6.      Fatwa No. 43/DSN-MUI/VIII/2004 tentang Ganti Rugi (Ta’widh)
Pertama: Ketentuan Umum
a.       Ganti rugi (ta’widh) hanya boleh dikenakan atas pihak yang dengan sengaja atau karena kelalaian melakukan sesuatu yang menyimpang dari ketentuan akad dan menimbulkan kerugian pada pihak lain
b.      Kerugian yangd apat dikenalkan ta’widh sebagaimana dimaksud dalam ayat 1 adalah kerugian riil yangd apat diperhitungkan dengan jelas
c.       Kerugian riil sebagaimana dimaksud ayat 2 adalah biaya-biaya riil yang dikeluarkan dalam rangka penagihan hak yang seharusnya dibayarkan
d.      Besar ganti rugi (ta’widh) adalah sesuai dengan nilai kerugian riil (real loss) yang pasti dialami (fixed cost) dalam transaksi tersebut dan bukan kerugian yang diperkirakan akan terjadi (potential loss) karena adanya peluang yang hilang (opportunity loss atau al-furshah al-dha-i’ah)

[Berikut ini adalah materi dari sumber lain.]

lemma times_differentiable_transition: "times_differentiable k (transition e)"
proof -
  have affine: "transition e = (\<lambda>x. above (\<iota> (Inl (src e))) +
      (above (\<iota> (Inl (trg e))) - above (\<iota> (Inl (src e)))) *
      smooth_step ((1 / (hi e - lo e)) * x + (- lo e / (hi e - lo e))))"
    by (simp add: transition_def fun_eq_iff diff_divide_distrib)
  show ?thesis unfolding affine
    by (rule times_differentiable_add[OF times_differentiable_const times_differentiable_mult[OF
          times_differentiable_const times_differentiable_affine[OF times_differentiable_smooth_step]]])
qed

lemma transition_outside_window:
  assumes "e \<in> Ed" "0 < x" "x < len e" "x \<le> lo e \<or> hi e \<le> x"
  shows "transition e x = above (\<iota> (Inr (e, x)))"
proof -
  have "lo e < hi e" using window_bounds[OF assms(1)] by simp
  from assms(4) show ?thesis
  proof
    assume "x \<le> lo e"
    then have "(x - lo e) / (hi e - lo e) \<le> 0" using \<open>lo e < hi e\<close> by (intro divide_nonpos_pos) auto
    then show ?thesis using window_near_src[OF assms(1,2) \<open>x \<le> lo e\<close>]
      by (simp add: transition_def smooth_step_nonpos)
  next
    assume "hi e \<le> x"
    then have "1 \<le> (x - lo e) / (hi e - lo e)" using \<open>lo e < hi e\<close> by (simp add: le_divide_eq_1)
    then show ?thesis using window_near_trg[OF assms(1) \<open>hi e \<le> x\<close> assms(3)]
      by (simp add: transition_def smooth_step_ge_1)
  qed
qed

definition transition_zone :: "'x set" where
  "transition_zone = \<iota> ` {Inr (e, x) | e x. e \<in> crossing_edges \<and> lo e \<le> x \<and> x \<le> hi e}"

lemma crossing_edges_subset: "crossing_edges \<subseteq> Ed"
  by (auto simp: crossing_edges_def)

lemma closed_transition_zone: "closed transition_zone"
proof -
  have "transition_zone = (\<Union>e\<in>crossing_edges. edge_path e ` {lo e..hi e})"
  proof -
    have "\<iota> (Inr (e, x)) = edge_path e x" if "e \<in> crossing_edges" "lo e \<le> x" "x \<le> hi e" for e x
      using window_bounds[of e] crossing_edges_subset that by (auto simp: edge_path_inner)
    then show ?thesis unfolding transition_zone_def by (auto simp: image_iff) (metis atLeastAtMost_iff)+
  qed
  also have "closed \<dots>"
    using finite_crossing_edges crossing_edges_subset
    by (intro compact_imp_closed compact_UN compact_edge_path_image) auto
  finally show ?thesis .
qed

lemma edge_point_in_transition_zone_iff:
  assumes "e \<in> Ed" "0 < x" "x < len e"
  shows "\<iota> (Inr (e, x)) \<in> transition_zone \<longleftrightarrow> e \<in> crossing_edges \<and> lo e \<le> x \<and> x \<le> hi e"
proof
  assume "\<iota> (Inr (e, x)) \<in> transition_zone"
  then obtain e' x' where e'x': "\<iota> (Inr (e, x)) = \<iota> (Inr (e', x'))" "e' \<in> crossing_edges" "lo e' \<le> x'" "x' \<le> hi e'"
    by (auto simp: transition_zone_def)
  moreover have "Inr (e', x') \<in> edge_interior"
    using e'x' window_bounds[of e'] crossing_edges_subset by auto
  ultimately show "e \<in> crossing_edges \<and> lo e \<le> x \<and> x \<le> hi e"
    using inj_onD[OF inj_on_edge_interior] assms by fastforce
qed (auto simp: transition_zone_def)

lemma level_set_in_transition_zone:
  assumes "y \<in> X" "g y = c"
  shows "y \<in> transition_zone"
proof -
  obtain e x where ex: "e \<in> Ed" "0 < x" "x < len e" "y = \<iota> (Inr (e, x))"
    using level_set_in_edges assms by (auto simp: edge_interior_def)
  then have "e \<in> crossing_edges" using assms(2) by (auto simp: crossing_edges_def)
  moreover have "lo e \<le> x" "x \<le> hi e"
    using window_near_src[of e x] window_near_trg[of e x] ex assms(2) by force+
  ultimately show ?thesis using edge_point_in_transition_zone_iff ex by blast
qed

definition crossing_points :: "('v + 'e \<times> real) set" where
  "crossing_points = {Inr (e, x) | e x. e \<in> crossing_edges \<and> 0 < x \<and> x < len e}"

text \<open>\<open>inv_into\<close> recovers the edge coordinate of a crossing point; the \<open>Inl\<close> branch is never taken.\<close>

definition smoothed :: "'x \<Rightarrow> real" where
  "smoothed y = (if y \<in> \<iota> ` crossing_points
                 then case_sum (\<lambda>_. 0) (case_prod transition) (inv_into edge_interior \<iota> y)
                 else above y)"

lemma crossing_points_subset: "crossing_points \<subseteq> edge_interior"
  using crossing_edges_subset by (auto simp: crossing_points_def)

lemma smoothed_crossing_edge:
  assumes "e \<in> crossing_edges" "0 < x" "x < len e"
  shows "smoothed (\<iota> (Inr (e, x))) = transition e x"
proof -
  have "Inr (e, x) \<in> crossing_points" using assms by (auto simp: crossing_points_def)
  then show ?thesis
    using crossing_points_subset by (auto simp: smoothed_def inv_into_f_f[OF inj_on_edge_interior])
qed

lemma smoothed_off_edges: "y \<notin> \<iota> ` edge_interior \<Longrightarrow> smoothed y = above y"
  using crossing_points_subset by (auto simp: smoothed_def)

lemma smoothed_on_boundary: "y \<in> X - \<iota> ` (G - Inl ` Bd) \<Longrightarrow> smoothed y = above y"
  using image_mono[OF edge_interior_subset[of Bd], of \<iota>] by (auto intro: smoothed_off_edges)

lemma smoothed_outside_transition_zone:
  assumes "y \<notin> transition_zone"
  shows "smoothed y = above y"
proof (cases "y \<in> \<iota> ` crossing_points")
  case True
  then obtain e x where ex: "e \<in> crossing_edges" "0 < x" "x < len e" "y = \<iota> (Inr (e, x))"
    by (auto simp: crossing_points_def)
  then have "x \<le> lo e \<or> hi e \<le> x"
    using assms edge_point_in_transition_zone_iff[of e x] crossing_edges_subset by auto
  then show ?thesis
    using ex smoothed_crossing_edge transition_outside_window crossing_edges_subset by auto
next
  case False
  then show ?thesis by (simp add: smoothed_def)
qed

lemma smoothed_locally_constant:
  assumes p: "p \<in> X" "p \<notin> transition_zone"
  shows "\<exists>d>0. \<forall>y\<in>X. dist y p < d \<longrightarrow> smoothed y = smoothed p"
proof -
  have "\<bar>g p - c\<bar> > 0" using p level_set_in_transition_zone by fastforce
  then obtain d1 where d1: "d1 > 0" "\<And>y. y \<in> X \<Longrightarrow> dist y p < d1 \<Longrightarrow> dist (g y) (g p) < \<bar>g p - c\<bar>"
    using continuous_g p(1) unfolding continuous_on_iff by metis
  obtain d2 where d2: "d2 > 0" "ball p d2 \<subseteq> - transition_zone"
    using closed_transition_zone p(2) unfolding closed_def open_contains_ball by blast
  have "smoothed y = smoothed p" if "y \<in> X" "dist y p < min d1 d2" for y
  proof -
    have "y \<notin> transition_zone" using that d2 by (auto simp: dist_commute)
    moreover have "above y = above p"
      using d1(2)[of y] that by (auto simp: above_def dist_real_def abs_real_def split: if_splits)
    ultimately show ?thesis using smoothed_outside_transition_zone p(2) by simp
  qed
  then show ?thesis using d1(1) d2(1) by (intro exI[of _ "min d1 d2"]) auto
qed

lemma continuous_on_smoothed: "continuous_on X smoothed"
  unfolding continuous_on_iff
proof (intro ballI allI impI)
  fix p and \<epsilon> :: real assume p: "p \<in> X" and \<epsilon>: "0 < \<epsilon>"
  show "\<exists>d>0. \<forall>y\<in>X. dist y p < d \<longrightarrow> dist (smoothed y) (smoothed p) < \<epsilon>"
  proof (cases "p \<in> transition_zone")
    case True
    then obtain e x0 where e: "e \<in> crossing_edges" "lo e \<le> x0" "x0 \<le> hi e" "p = \<iota> (Inr (e, x0))"
      by (auto simp: transition_zone_def)
    have "e \<in> Ed" "0 < x0" "x0 < len e"
      using e window_bounds[of e] crossing_edges_subset by auto
    then obtain \<rho> where \<rho>: "\<rho> > 0" "\<forall>y\<in>X. dist y p < \<rho> \<longrightarrow>
        (\<exists>x'. 0 < x' \<and> x' < len e \<and> y = \<iota> (Inr (e, x')) \<and> dist y p = \<bar>x' - x0\<bar>)"
      using edge_point_neighbourhood e(4) by blast
    obtain d1 where d1: "d1 > 0" "\<And>x'. dist x' x0 < d1 \<Longrightarrow> dist (transition e x') (transition e x0) < \<epsilon>"
      using times_differentiable_isCont[OF times_differentiable_transition[of "Suc 0" e]] \<epsilon>
      unfolding continuous_at_eps_delta by blast
    have "dist (smoothed y) (smoothed p) < \<epsilon>" if "y \<in> X" "dist y p < min \<rho> d1" for y
    proof -
      have "dist y p < \<rho>" using that by simp
      then obtain x' where x': "0 < x'" "x' < len e" "y = \<iota> (Inr (e, x'))" "dist y p = \<bar>x' - x0\<bar>"
        using \<rho>(2) \<open>y \<in> X\<close> by blast
      then show ?thesis
        using d1(2)[of x'] that smoothed_crossing_edge[OF e(1)] \<open>0 < x0\<close> \<open>x0 < len e\<close> e(4)
        by (simp add: dist_real_def)
    qed
    then show ?thesis using \<rho>(1) d1(1) by (intro exI[of _ "min \<rho> d1"]) auto
  next
    case False
    then obtain d where "d > 0" "\<forall>y\<in>X. dist y p < d \<longrightarrow> smoothed y = smoothed p"
      using smoothed_locally_constant[OF p] by blast
    then show ?thesis using \<epsilon> by (intro exI[of _ d]) auto
  qed
qed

e.       Ganti rugi (ta’widh) hanya boleh dikenakan pada taransaksi (akad) yang menimbulkan utang piutang (dain) seperti salam, istishna’ serta murabahah dan ijarah
f.       Dalam akad mudharabah dan musyarakah, ganti rugi hanya boleh dikenakan oleh shahibul mal atau salah satu pihak dalam musyarakah apabila bagian keuntungannya sudah jelas tetapi tidak dibayarkan
Ke dua: Ketentuan Khusus
a.       Ganti rugi yang diterima dalam transaksi di Lembaga Keuangan Syariah dapat diakui sebagai hak (pendapatan) bagi pihak yang menerimanya
b.      Jumlah ganti rugi besarnya harus tetap sesuai dengan kerugian riil dan tata cara pembayarannya tergantung kesepakatan para pihak
c.       Besarnya ganti rugi ini tidak boleh dicantumkan dalam akad
d.      Pihak yang cedera janji bertanggung jawab atas biaya perkara dan biaya lainnya yang timbul akibat proses penyelesaian perkara
Ke tiga: Penyelesaian Perselisihan
Jika salah satu pihak tidak menunaikan kewajibannya atau terjadi perselisihan diantara kedua belah pihak, maka penyelesaiannya dilakukan melaui Badan Arbitrase Syariah setelah tidak tercapai kesepakatan melalui musyawarah.


Burhanuddin S, Aspek Hukum Lembaga Keuangan Syari’ah, (Yogyakarta: Graha Ilmu, 2010).